Page 2 of 2

Re: Opcode decoding for disassembler

Posted: Wed Apr 17, 2019 7:45 pm
by rainwarrior
Using a branch to transfer execution from $80XX to $7FXX is valid, though I doubt you'd ever see it in a game with SRAM. I think the most likely time to see this is on FDS, but there RAM is continuous from $6000-DFFF.

Branches aren't commonly used to jump across very distinct memory regions like that (PRG to RAM, or between PRG banks.) Not impossible that someone would want to, but extremely unlikely to do it with a branch. JMP or JSR is probably what you'd see doing that.

However, to get back to your question: branches and jumps may target RAM, or other places. Regardless of that, your disassembly should show what the code does whether or not it "makes sense". Often the point of doing a disassembly is to find a bug that was caused by just such a lapse of sensibility. The disassembler's function should be plain, not subject to complex interpretation of a code's intention.

In most disassembly environments, it's important that the user can either identify bytes as belonging to code or data to be disassembled into opcodes or not, or failing this be able to reposition their current view of the disassembly to align on something they know is an instruction. In something like FCEUX, it just does a naive disassembly from the top of what's in view, and if there's something "weird" there usually it can be fixed by moving the view up or down a byte or two until the code comes into alignment.
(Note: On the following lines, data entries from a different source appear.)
(* Let $f(t)=\sum_{k=0}^{D}c_k\binom{D}{k}t^k(1-t)^{D-k}$ for $t\in[0,1]$. Then: (1) $f'(t)\ge0$ for all $t\in[0,1]$. (2) If the Increasing Conditional Divergence (ICD) condition holds, i.e. $\Delta_i(S)\le\Delta_i(T)$ for all $i\in[D]$ and all $S\subseteq T\subseteq[D]\setminus\{i\}$, then $f''(t)\ge0$ for all $t\in[0,1]$. (3) If moreover the second-order ICD condition holds, i.e. $\Delta_i(S\cup\{j\})-\Delta_i(S)\le\Delta_i(S\cup\{j,\ell\})-\Delta_i(S\cup\{\ell\})$ for all distinct $i,j,\ell\in[D]$ and all $S\subseteq[D]\setminus\{i,j,\ell\}$, then $f^{(3)}(t)\ge0$ for all $t\in[0,1]$.
   Context: Let $\mathcal X$ be a finite alphabet, $D\ge1$, $[D]=\{1,\dots,D\}$, and $p_0,\pi_0$ probability distributions on $\mathcal X^D$ with $\pi_0$ of full support. For $U\subseteq[D]$ let $F(U)=\mathrm{KL}\big(p_0^{(U)}\|\pi_0^{(U)}\big)$, where $p_0^{(U)}$ is the marginal of $p_0$ on the coordinates in $U$, and $F(\emptyset)=0$. For $i\notin U$ let $\Delta_i(U)=F(U\cup\{i\})-F(U)$. For $0\le k\le D$ let $c_k=\binom{D}{k}^{-1}\sum_{|U|=k}F(U)$ (the average of $F$ over subsets of size $k$). *)

theory Defs
  imports "HOL-Probability.Probability_Mass_Function"
begin

text \<open>Points of X^D are functions 'n => 'a, where the finite type 'n plays the
role of the coordinate set [D] (so D = CARD('n)) and the finite type 'a is the alphabet.\<close>

definition KL :: "'b::finite pmf \<Rightarrow> 'b pmf \<Rightarrow> real" where
  "KL p q = (\<Sum>y\<in>UNIV. pmf p y * ln (pmf p y / pmf q y))"

definition marg :: "'n set \<Rightarrow> ('n \<Rightarrow> 'a) pmf \<Rightarrow> ('n \<Rightarrow> 'a) pmf" where
  "marg U p = map_pmf (\<lambda>x. restrict x U) p"

definition Fdiv :: "('n::finite \<Rightarrow> 'a::finite) pmf \<Rightarrow> ('n \<Rightarrow> 'a) pmf \<Rightarrow> 'n set \<Rightarrow> real" where
  "Fdiv p0 \<pi>0 U = KL (marg U p0) (marg U \<pi>0)"

definition Delta :: "('n::finite \<Rightarrow> 'a::finite) pmf \<Rightarrow> ('n \<Rightarrow> 'a) pmf \<Rightarrow> 'n \<Rightarrow> 'n set \<Rightarrow> real" where
  "Delta p0 \<pi>0 i U = Fdiv p0 \<pi>0 (insert i U) - Fdiv p0 \<pi>0 U"

definition cavg :: "('n::finite \<Rightarrow> 'a::finite) pmf \<Rightarrow> ('n \<Rightarrow> 'a) pmf \<Rightarrow> nat \<Rightarrow> real" where
  "cavg p0 \<pi>0 k = (\<Sum>U\<in>{U::'n set. card U = k}. Fdiv p0 \<pi>0 U) / real (CARD('n) choose k)"

definition fpoly :: "('n::finite \<Rightarrow> 'a::finite) pmf \<Rightarrow> ('n \<Rightarrow> 'a) pmf \<Rightarrow> real \<Rightarrow> real" where
  "fpoly p0 \<pi>0 t = (\<Sum>k=0..CARD('n). cavg p0 \<pi>0 k * real (CARD('n) choose k)
                        * t ^ k * (1 - t) ^ (CARD('n) - k))"

definition ICD :: "('n::finite \<Rightarrow> 'a::finite) pmf \<Rightarrow> ('n \<Rightarrow> 'a) pmf \<Rightarrow> bool" where
  "ICD p0 \<pi>0 \<longleftrightarrow> (\<forall>i S T. S \<subseteq> T \<and> T \<subseteq> UNIV - {i} \<longrightarrow> Delta p0 \<pi>0 i S \<le> Delta p0 \<pi>0 i T)"

definition ICD2 :: "('n::finite \<Rightarrow> 'a::finite) pmf \<Rightarrow> ('n \<Rightarrow> 'a) pmf \<Rightarrow> bool" where
  "ICD2 p0 \<pi>0 \<longleftrightarrow> (\<forall>i j l S. i \<noteq> j \<and> i \<noteq> l \<and> j \<noteq> l \<and> S \<subseteq> UNIV - {i, j, l} \<longrightarrow>
      Delta p0 \<pi>0 i (insert j S) - Delta p0 \<pi>0 i S
        \<le> Delta p0 \<pi>0 i (insert j (insert l S)) - Delta p0 \<pi>0 i (insert l S))"

end

theory Submission
  imports Defs
begin

text \<open>With F(U) the KL divergence between the U-marginals,
  f(t) = \<Sum>_U F(U) t^|U| (1 - t)^(D - |U|) is the expectation of F at a random set that contains
  each coordinate independently with probability t. Conditioning on whether a fixed coordinate
  belongs to the set shows that the derivative of such a polynomial is the sum over i of the
  polynomial of the marginal gain U \<mapsto> F(U \<union> {i}) - F(U) on the remaining coordinates.
  Hence the k-th derivative is nonnegative on [0,1] as soon as all k-th order differences of F
  along distinct coordinates are. For k = 1 this is monotonicity of F, the data processing
  inequality for marginalisation, which follows from the log-sum inequality; for k = 2 and
  k = 3 it is exactly ICD and ICD2 (so ICD2 alone already gives part (3)).\<close>

lemma log_sum_inequality:
  fixes p q :: "'b \<Rightarrow> real"
  assumes fin: "finite Y" and p_nonneg: "\<And>y. y \<in> Y \<Longrightarrow> p y \<ge> 0"
    and q_nonneg: "\<And>y. y \<in> Y \<Longrightarrow> q y \<ge> 0"
    and support: "\<And>y. y \<in> Y \<Longrightarrow> p y > 0 \<Longrightarrow> q y > 0"
  shows "(\<Sum>y\<in>Y. p y) * ln ((\<Sum>y\<in>Y. p y) / (\<Sum>y\<in>Y. q y)) \<le> (\<Sum>y\<in>Y. p y * ln (p y / q y))"
proof (cases "(\<Sum>y\<in>Y. p y) = 0")
  case True
  then have "\<forall>y\<in>Y. p y = 0" using sum_nonneg_eq_0_iff[OF fin] p_nonneg by blast
  then show ?thesis using True by simp
next
  case False
  define Ps where "Ps = (\<Sum>y\<in>Y. p y)"
  define Qs where "Qs = (\<Sum>y\<in>Y. q y)"
  have "Ps > 0" using False p_nonneg unfolding Ps_def by (simp add: order_le_neq_trans sum_nonneg)
  obtain y0 where y0: "y0 \<in> Y" "p y0 > 0"
    using False p_nonneg unfolding Ps_def by (metis less_eq_real_def sum.neutral)
  have "q y0 \<le> Qs" unfolding Qs_def using fin y0 q_nonneg by (intro member_le_sum) auto
  then have "Qs > 0" using support[OF y0] by linarith
  have pointwise: "p y - q y * Ps / Qs \<le> p y * ln (p y / q y) - p y * ln (Ps / Qs)"
    if y: "y \<in> Y" for y
  proof (cases "p y = 0")
    case True
    then show ?thesis using q_nonneg[OF y] \<open>Ps > 0\<close> \<open>Qs > 0\<close> by simp
  next
    case False
    then have "p y > 0" using p_nonneg[OF y] by simp
    moreover have "q y > 0" using support[OF y \<open>p y > 0\<close>] .
    ultimately have "(q y * Ps) / (p y * Qs) > 0"
      using \<open>Ps > 0\<close> \<open>Qs > 0\<close> by simp
    then have "ln ((q y * Ps) / (p y * Qs)) \<le> (q y * Ps) / (p y * Qs) - 1"
      by (rule ln_le_minus_one)
    moreover have "ln ((q y * Ps) / (p y * Qs)) = ln (Ps / Qs) - ln (p y / q y)"
      using \<open>p y > 0\<close> \<open>q y > 0\<close> \<open>Ps > 0\<close> \<open>Qs > 0\<close> by (simp add: ln_div ln_mult)
    ultimately have "1 - (q y * Ps) / (p y * Qs) \<le> ln (p y / q y) - ln (Ps / Qs)"
      by linarith
    then have "p y * (1 - (q y * Ps) / (p y * Qs)) \<le> p y * (ln (p y / q y) - ln (Ps / Qs))"
      using \<open>p y > 0\<close> by (simp add: mult_left_mono)
    then show ?thesis using \<open>p y > 0\<close> \<open>Qs > 0\<close> by (simp add: algebra_simps)
  qed
  have "0 = (\<Sum>y\<in>Y. p y - q y * Ps / Qs)"
    using \<open>Qs > 0\<close> by (simp add: sum_subtractf sum_divide_distrib[symmetric]
        sum_distrib_right[symmetric] Ps_def Qs_def)
  also have "\<dots> \<le> (\<Sum>y\<in>Y. p y * ln (p y / q y) - p y * ln (Ps / Qs))"
    using pointwise by (rule sum_mono)
  also have "\<dots> = (\<Sum>y\<in>Y. p y * ln (p y / q y)) - Ps * ln (Ps / Qs)"
    by (simp add: sum_subtractf sum_distrib_right[symmetric] Ps_def)
  finally show ?thesis unfolding Ps_def Qs_def by linarith
qed

lemma pmf_map_pmf_finite:
  "pmf (map_pmf h (p :: 'b::finite pmf)) z = (\<Sum>y\<in>{y. h y = z}. pmf p y)"
  by (simp add: pmf_map measure_measure_pmf_finite vimage_def)

lemma KL_map_pmf_le:
  fixes p q :: "'b::finite pmf" and h :: "'b \<Rightarrow> 'c::finite"
  assumes "set_pmf p \<subseteq> set_pmf q"
  shows "KL (map_pmf h p) (map_pmf h q) \<le> KL p q"
proof -
  have "KL (map_pmf h p) (map_pmf h q)
      = (\<Sum>z\<in>UNIV. (\<Sum>y\<in>{y. h y = z}. pmf p y)
           * ln ((\<Sum>y\<in>{y. h y = z}. pmf p y) / (\<Sum>y\<in>{y. h y = z}. pmf q y)))"
    unfolding KL_def pmf_map_pmf_finite ..
  also have "\<dots> \<le> (\<Sum>z\<in>UNIV. (\<Sum>y\<in>{y. h y = z}. pmf p y * ln (pmf p y / pmf q y)))"
  proof (intro sum_mono log_sum_inequality)
    fix y assume "0 < pmf p y"
    then show "0 < pmf q y" using assms by (metis pmf_positive set_pmf_iff subsetD)
  qed auto
  also have "\<dots> = KL p q"
    unfolding KL_def
    using sum.group[of UNIV UNIV h "\<lambda>y. pmf p y * ln (pmf p y / pmf q y)"] by simp
  finally show ?thesis .
qed

lemma Fdiv_mono:
  fixes p0 \<pi>0 :: "('n::finite \<Rightarrow> 'a::finite) pmf"
  assumes "set_pmf \<pi>0 = UNIV" and "U \<subseteq> V"
  shows "Fdiv p0 \<pi>0 U \<le> Fdiv p0 \<pi>0 V"
proof -
  have "marg U p = map_pmf (\<lambda>x. restrict x U) (marg V p)" for p :: "('n \<Rightarrow> 'a) pmf"
    unfolding marg_def map_pmf_comp using \<open>U \<subseteq> V\<close> by (auto simp: Int_absorb1 intro: map_pmf_cong)
  moreover have "set_pmf (marg V p0) \<subseteq> set_pmf (marg V \<pi>0)"
    unfolding marg_def using assms(1) by auto
  ultimately show ?thesis unfolding Fdiv_def by (metis KL_map_pmf_le)
qed

definition subset_bernstein :: "'n set \<Rightarrow> ('n set \<Rightarrow> real) \<Rightarrow> real \<Rightarrow> real" where
  "subset_bernstein A G t = (\<Sum>U\<in>Pow A. G U * t ^ card U * (1 - t) ^ (card A - card U))"

definition gain :: "'n \<Rightarrow> ('n set \<Rightarrow> real) \<Rightarrow> 'n set \<Rightarrow> real" where
  "gain i G U = G (insert i U) - G U"

lemma gain_Fdiv: "gain i (Fdiv p0 \<pi>0) = Delta p0 \<pi>0 i"
  by (simp add: fun_eq_iff gain_def Delta_def)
Because of all the 1 byte instructions, naively disassembled 6502 code tends to self-align after a few lines anyway. If this is an offline tool, just give the user ways to specify what part of the file is code or data.


I think conceptually it's valid to think of a branch operand as analogous to an immediate one, sort of in the way that ADC can take an immediate and add it to A, a branch can take this "immediate" and add it to PC? If you want correct terminology though, this is not the name to use, and # is not the notation to use either.
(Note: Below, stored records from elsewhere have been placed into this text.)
text \<open>The intersection polynomials: \<open>A\<^sub>i = v\<^sub>i(A)\<close>.\<close>

fun v :: "nat \<Rightarrow> real poly" where
  "v 0 = 1"
| "v (Suc 0) = [:0, 1:]"
| "v (Suc (Suc i)) = smult (1 / real (cs (Suc (Suc i))))
     ([:- a (Suc i), 1:] * v (Suc i) - smult (real (bs i)) (v i))"

lemma poly_v_Suc_Suc:
  "poly (v (Suc (Suc i))) \<theta> =
     ((\<theta> - a (Suc i)) * poly (v (Suc i)) \<theta> - real (bs i) * poly (v i) \<theta>) / real (cs (Suc (Suc i)))"
  by (simp add: algebra_simps divide_inverse)

declare v.simps(3) [simp del]

lemma degree_v: "i \<le> D \<Longrightarrow> degree (v i) = i"
proof (induction i rule: v.induct)
  case (3 i)
  then have IH: "degree (v (Suc i)) = Suc i" "degree (v i) = i" by auto
  then have "v (Suc i) \<noteq> 0" by auto
  moreover have "degree (smult (real (bs i)) (v i)) \<le> degree (v (Suc i))"
    using degree_smult_le[of "real (bs i)" "v i"] IH by simp
  ultimately have "degree ([:- a (Suc i), 1:] * v (Suc i) - smult (real (bs i)) (v i)) =
      Suc (degree (v (Suc i)))"
    by (rule degree_linear_mult_diff)
  moreover have "real (cs (Suc (Suc i))) \<noteq> 0" using cs_pos "3.prems" by simp
  ultimately show ?case using IH(1) by (simp add: v.simps(3))
qed simp_all

text \<open>The recurrence continued one step beyond \<open>D\<close>, where \<open>A\<^sub>D\<^sub>+\<^sub>1 = 0\<close>.\<close>

definition eigen_poly :: "real poly" where
  "eigen_poly = [:- a D, 1:] * v D - smult (real (bs (D - 1))) (v (D - 1))"

lemma poly_eigen_poly:
  "poly eigen_poly \<theta> = (\<theta> - a D) * poly (v D) \<theta> - real (bs (D - 1)) * poly (v (D - 1)) \<theta>"
  unfolding eigen_poly_def by (simp add: algebra_simps)

lemma eigen_poly_nonzero: "eigen_poly \<noteq> 0"
proof -
  have "v D \<noteq> 0" using degree_v[of D] diameter_pos by auto
  moreover have "degree (smult (real (bs (D - 1))) (v (D - 1))) \<le> degree (v D)"
    using degree_smult_le[of _ "v (D - 1)"] degree_v by (simp add: le_trans)
  ultimately have "degree eigen_poly = Suc (degree (v D))"
    unfolding eigen_poly_def by (rule degree_linear_mult_diff)
  then show ?thesis by auto
qed

definition eigenfunction :: "real \<Rightarrow> ('a \<Rightarrow> real) \<Rightarrow> bool" where
  "eigenfunction \<theta> f \<longleftrightarrow> (\<forall>x\<in>V. (\<Sum>y\<in>{y\<in>V. E x y}. f y) = \<theta> * f x)"

lemma sphere_sum_eigenfunction:
  assumes f: "eigenfunction \<theta> f"
  shows "i \<le> D \<Longrightarrow> x \<in> V \<Longrightarrow> sphere_sum i f x = poly (v i) \<theta> * f x"
proof (induction i arbitrary: x rule: v.induct)
  case 1
  then have "{y\<in>V. d x y = 0} = {x}" using dist_eq_0_iff by auto
  then show ?case by (simp add: sphere_sum_def)
next
  case 2
  then have "{y\<in>V. d x y = 1} = {y\<in>V. E x y}" using dist_eq_1_iff by auto
  then show ?case using f 2 by (simp add: sphere_sum_def eigenfunction_def)
next
  case (3 i)
  have IH: "\<And>z. z \<in> V \<Longrightarrow> sphere_sum (Suc i) f z = poly (v (Suc i)) \<theta> * f z"
    "sphere_sum i f x = poly (v i) \<theta> * f x"
    using 3 by auto
  have "(\<Sum>z\<in>{z\<in>V. E x z}. sphere_sum (Suc i) f z) = (\<Sum>z\<in>{z\<in>V. E x z}. poly (v (Suc i)) \<theta> * f z)"
    using IH(1) by (intro sum.cong) auto
  also have "\<dots> = poly (v (Suc i)) \<theta> * (\<theta> * f x)"
    using f "3.prems"(2) by (simp add: eigenfunction_def sum_distrib_left[symmetric])
  finally have "real (cs (Suc (Suc i))) * sphere_sum (Suc (Suc i)) f x =
      (\<theta> - a (Suc i)) * poly (v (Suc i)) \<theta> * f x - real (bs i) * poly (v i) \<theta> * f x"
    using sphere_sum_neighbours[OF "3.prems"(2), of "Suc i" f] IH "3.prems"(2)
    by (simp add: algebra_simps)
  moreover have "real (cs (Suc (Suc i))) \<noteq> 0" using cs_pos "3.prems"(1) by simp
  ultimately show ?case
    by (simp add: poly_v_Suc_Suc field_simps)
qed

lemma eigenfunction_root:
  assumes f: "eigenfunction \<theta> f" and x: "x \<in> V" and fx: "f x \<noteq> 0"
  shows "poly eigen_poly \<theta> = 0"
proof -
  have empty: "{y\<in>V. d x y = D + 1} = {}" using dist_le_diameter x by fastforce
  have "sphere_sum (D + 1) f x = 0" unfolding sphere_sum_def empty by simp
  then have "(\<Sum>z\<in>{z\<in>V. E x z}. sphere_sum D f z) =
      real (bs (D - 1)) * sphere_sum (D - 1) f x + a D * sphere_sum D f x"
    using sphere_sum_neighbours[OF x, of D f] diameter_pos by simp
  moreover have "(\<Sum>z\<in>{z\<in>V. E x z}. sphere_sum D f z) = poly (v D) \<theta> * (\<theta> * f x)"
    using f x sphere_sum_eigenfunction[OF f] adj_in_V
    by (simp add: eigenfunction_def sum_distrib_left[symmetric])
  ultimately have "poly eigen_poly \<theta> * f x = 0"
    using sphere_sum_eigenfunction[OF f _ x, of D] sphere_sum_eigenfunction[OF f _ x, of "D - 1"]
    by (simp add: poly_eigen_poly algebra_simps)
  then show ?thesis using fx by simp
qed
For a disassembly, the standard thing is to use either a label or just the address as the operand, i.e. show where the branch goes, not the actual value of its operand. "BEQ label" or "BEQ $7F05"

Re: Opcode decoding for disassembler

Posted: Wed Apr 17, 2019 8:26 pm
by rainwarrior
CrowleyBluegrass wrote:Should I just interpret all BRK instructions two bytes, with the second as a .db into the disassembly? I assume "being off" means that every BRK instruction is followed by what my assembler thinks is another "opcode" (UNDEFINED above).
The meaning of the byte after a $00 is entirely dependent on how the interrupt is handled. Different programs require different things here. Some will skip the byte, some will adjust the return address, some won't return at all from the interrupt.

There is no solution here except: let the user specify what to do in some way (like I suggested above manually marking bytes as an opcode, manually aligning the current auto-disassembly view, etc.). This is not necessarily a program-wide behaviour either. Case by case resolution will be needed sometimes.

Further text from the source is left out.